▸ **EXERCISE BRIEF**
A line belongs in the answer if it contains "turn"; copy every such line from the entries below.

▸ **DATA SHOWN**

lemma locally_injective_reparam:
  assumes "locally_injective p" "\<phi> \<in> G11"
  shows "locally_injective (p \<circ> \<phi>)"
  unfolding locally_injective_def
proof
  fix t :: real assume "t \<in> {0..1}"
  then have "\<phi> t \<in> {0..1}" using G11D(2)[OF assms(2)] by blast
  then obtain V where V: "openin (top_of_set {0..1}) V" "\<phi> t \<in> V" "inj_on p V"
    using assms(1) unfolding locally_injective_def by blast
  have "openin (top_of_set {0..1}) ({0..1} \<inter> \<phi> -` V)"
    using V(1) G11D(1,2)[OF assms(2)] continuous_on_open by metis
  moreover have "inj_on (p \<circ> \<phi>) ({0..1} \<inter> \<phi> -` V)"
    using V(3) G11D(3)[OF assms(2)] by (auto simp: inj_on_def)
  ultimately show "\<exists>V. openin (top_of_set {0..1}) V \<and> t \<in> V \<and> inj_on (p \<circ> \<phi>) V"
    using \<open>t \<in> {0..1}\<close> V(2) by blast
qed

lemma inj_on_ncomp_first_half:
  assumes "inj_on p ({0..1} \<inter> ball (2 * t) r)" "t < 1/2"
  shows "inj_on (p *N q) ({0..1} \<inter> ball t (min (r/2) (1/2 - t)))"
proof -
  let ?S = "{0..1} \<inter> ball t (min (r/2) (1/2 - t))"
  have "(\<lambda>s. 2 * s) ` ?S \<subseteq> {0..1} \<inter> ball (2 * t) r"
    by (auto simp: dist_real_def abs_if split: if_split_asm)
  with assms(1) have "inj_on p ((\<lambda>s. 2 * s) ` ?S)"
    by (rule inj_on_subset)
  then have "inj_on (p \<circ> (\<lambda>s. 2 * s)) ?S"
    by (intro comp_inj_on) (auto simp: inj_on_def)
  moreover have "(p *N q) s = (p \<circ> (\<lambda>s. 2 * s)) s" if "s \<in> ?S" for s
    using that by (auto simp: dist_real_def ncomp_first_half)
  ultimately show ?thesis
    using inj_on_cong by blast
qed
==
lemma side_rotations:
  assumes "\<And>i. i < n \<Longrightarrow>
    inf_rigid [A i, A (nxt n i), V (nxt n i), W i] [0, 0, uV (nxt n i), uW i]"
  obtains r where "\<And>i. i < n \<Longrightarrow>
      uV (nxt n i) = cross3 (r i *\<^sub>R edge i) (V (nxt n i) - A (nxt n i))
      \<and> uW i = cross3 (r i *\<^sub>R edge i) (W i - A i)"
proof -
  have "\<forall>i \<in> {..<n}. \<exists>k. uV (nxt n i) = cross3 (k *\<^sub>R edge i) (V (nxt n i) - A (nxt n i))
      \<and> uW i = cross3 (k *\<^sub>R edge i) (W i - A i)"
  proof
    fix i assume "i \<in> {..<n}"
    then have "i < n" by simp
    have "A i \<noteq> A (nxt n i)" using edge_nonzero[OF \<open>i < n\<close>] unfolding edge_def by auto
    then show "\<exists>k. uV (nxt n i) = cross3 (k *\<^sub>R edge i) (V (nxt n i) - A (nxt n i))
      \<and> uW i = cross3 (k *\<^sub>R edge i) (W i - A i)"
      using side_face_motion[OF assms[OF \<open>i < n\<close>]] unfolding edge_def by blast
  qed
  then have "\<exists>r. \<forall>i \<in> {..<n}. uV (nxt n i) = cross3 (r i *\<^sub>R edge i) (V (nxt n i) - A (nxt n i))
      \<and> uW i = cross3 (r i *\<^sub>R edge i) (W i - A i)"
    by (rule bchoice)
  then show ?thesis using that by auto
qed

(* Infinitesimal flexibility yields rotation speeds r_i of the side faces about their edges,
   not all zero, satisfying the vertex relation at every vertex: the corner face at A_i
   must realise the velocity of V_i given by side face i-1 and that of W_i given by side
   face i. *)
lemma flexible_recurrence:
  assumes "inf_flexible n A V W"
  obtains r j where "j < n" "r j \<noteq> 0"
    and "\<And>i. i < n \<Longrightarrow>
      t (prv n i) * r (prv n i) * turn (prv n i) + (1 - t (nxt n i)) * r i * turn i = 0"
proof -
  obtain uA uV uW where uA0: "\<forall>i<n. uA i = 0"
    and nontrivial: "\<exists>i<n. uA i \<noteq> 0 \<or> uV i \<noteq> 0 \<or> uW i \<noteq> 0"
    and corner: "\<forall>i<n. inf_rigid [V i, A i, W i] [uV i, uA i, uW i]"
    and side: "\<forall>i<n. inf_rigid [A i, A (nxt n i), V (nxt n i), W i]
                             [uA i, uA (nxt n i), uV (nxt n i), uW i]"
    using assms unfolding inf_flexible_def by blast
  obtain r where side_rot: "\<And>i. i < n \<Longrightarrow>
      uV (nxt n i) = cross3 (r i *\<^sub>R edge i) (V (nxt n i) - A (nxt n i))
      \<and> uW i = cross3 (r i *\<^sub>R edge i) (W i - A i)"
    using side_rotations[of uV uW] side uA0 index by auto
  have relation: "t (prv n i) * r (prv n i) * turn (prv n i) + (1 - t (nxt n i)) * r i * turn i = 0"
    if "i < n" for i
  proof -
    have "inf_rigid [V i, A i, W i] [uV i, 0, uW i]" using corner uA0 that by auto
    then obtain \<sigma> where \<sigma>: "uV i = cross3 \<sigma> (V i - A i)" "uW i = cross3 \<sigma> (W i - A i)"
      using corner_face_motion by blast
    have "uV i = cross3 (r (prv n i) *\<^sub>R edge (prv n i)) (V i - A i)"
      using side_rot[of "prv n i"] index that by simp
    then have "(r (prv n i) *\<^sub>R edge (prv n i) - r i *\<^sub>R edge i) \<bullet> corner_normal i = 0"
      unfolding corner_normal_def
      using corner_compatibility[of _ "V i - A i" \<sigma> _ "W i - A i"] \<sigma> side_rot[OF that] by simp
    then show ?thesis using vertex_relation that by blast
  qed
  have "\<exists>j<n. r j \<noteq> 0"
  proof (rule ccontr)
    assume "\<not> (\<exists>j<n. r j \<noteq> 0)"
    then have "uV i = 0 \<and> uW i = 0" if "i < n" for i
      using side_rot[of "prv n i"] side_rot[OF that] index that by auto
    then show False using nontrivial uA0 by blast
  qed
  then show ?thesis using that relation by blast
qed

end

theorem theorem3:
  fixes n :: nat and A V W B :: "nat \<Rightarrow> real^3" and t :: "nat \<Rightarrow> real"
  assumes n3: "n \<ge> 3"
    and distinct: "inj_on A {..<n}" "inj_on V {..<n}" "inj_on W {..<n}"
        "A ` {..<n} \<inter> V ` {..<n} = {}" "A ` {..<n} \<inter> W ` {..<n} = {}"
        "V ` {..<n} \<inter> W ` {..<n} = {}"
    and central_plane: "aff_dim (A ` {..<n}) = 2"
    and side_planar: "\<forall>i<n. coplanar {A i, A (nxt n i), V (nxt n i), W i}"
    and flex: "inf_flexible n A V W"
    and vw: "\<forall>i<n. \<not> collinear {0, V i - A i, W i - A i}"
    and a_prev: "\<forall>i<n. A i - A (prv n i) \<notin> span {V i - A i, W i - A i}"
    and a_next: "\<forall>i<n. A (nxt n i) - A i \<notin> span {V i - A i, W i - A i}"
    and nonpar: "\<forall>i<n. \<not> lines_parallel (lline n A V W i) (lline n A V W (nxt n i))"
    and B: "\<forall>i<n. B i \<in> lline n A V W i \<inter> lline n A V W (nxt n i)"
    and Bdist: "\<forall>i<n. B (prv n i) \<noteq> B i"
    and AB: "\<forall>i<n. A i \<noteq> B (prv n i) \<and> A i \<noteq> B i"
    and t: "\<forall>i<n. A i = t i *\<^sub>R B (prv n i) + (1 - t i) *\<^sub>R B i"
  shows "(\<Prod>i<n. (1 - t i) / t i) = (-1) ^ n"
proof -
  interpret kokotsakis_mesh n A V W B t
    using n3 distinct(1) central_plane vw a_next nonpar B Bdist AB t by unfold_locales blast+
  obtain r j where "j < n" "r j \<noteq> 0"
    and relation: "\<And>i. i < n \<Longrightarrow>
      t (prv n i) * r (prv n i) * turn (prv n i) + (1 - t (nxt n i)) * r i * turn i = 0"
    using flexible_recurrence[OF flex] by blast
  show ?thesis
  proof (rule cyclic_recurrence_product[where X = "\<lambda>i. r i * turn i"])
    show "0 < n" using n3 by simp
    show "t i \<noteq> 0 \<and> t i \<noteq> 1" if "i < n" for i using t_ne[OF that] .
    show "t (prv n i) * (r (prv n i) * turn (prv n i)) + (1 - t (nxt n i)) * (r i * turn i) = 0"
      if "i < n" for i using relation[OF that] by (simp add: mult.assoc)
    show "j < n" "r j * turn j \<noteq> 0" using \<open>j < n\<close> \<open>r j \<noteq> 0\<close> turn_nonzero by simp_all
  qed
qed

▸ **ANSWER AREA**
      t (prv n i) * r (prv n i) * turn (prv n i) + (1 - t (nxt n i)) * r i * turn i = 0"
  have relation: "t (prv n i) * r (prv n i) * turn (prv n i) + (1 - t (nxt n i)) * r i * turn i = 0"
      t (prv n i) * r (prv n i) * turn (prv n i) + (1 - t (nxt n i)) * r i * turn i = 0"
  proof (rule cyclic_recurrence_product[where X = "\<lambda>i. r i * turn i"])
    show "t (prv n i) * (r (prv n i) * turn (prv n i)) + (1 - t (nxt n i)) * (r i * turn i) = 0"
    show "j < n" "r j * turn j \<noteq> 0" using \<open>j < n\<close> \<open>r j \<noteq> 0\<close> turn_nonzero by simp_all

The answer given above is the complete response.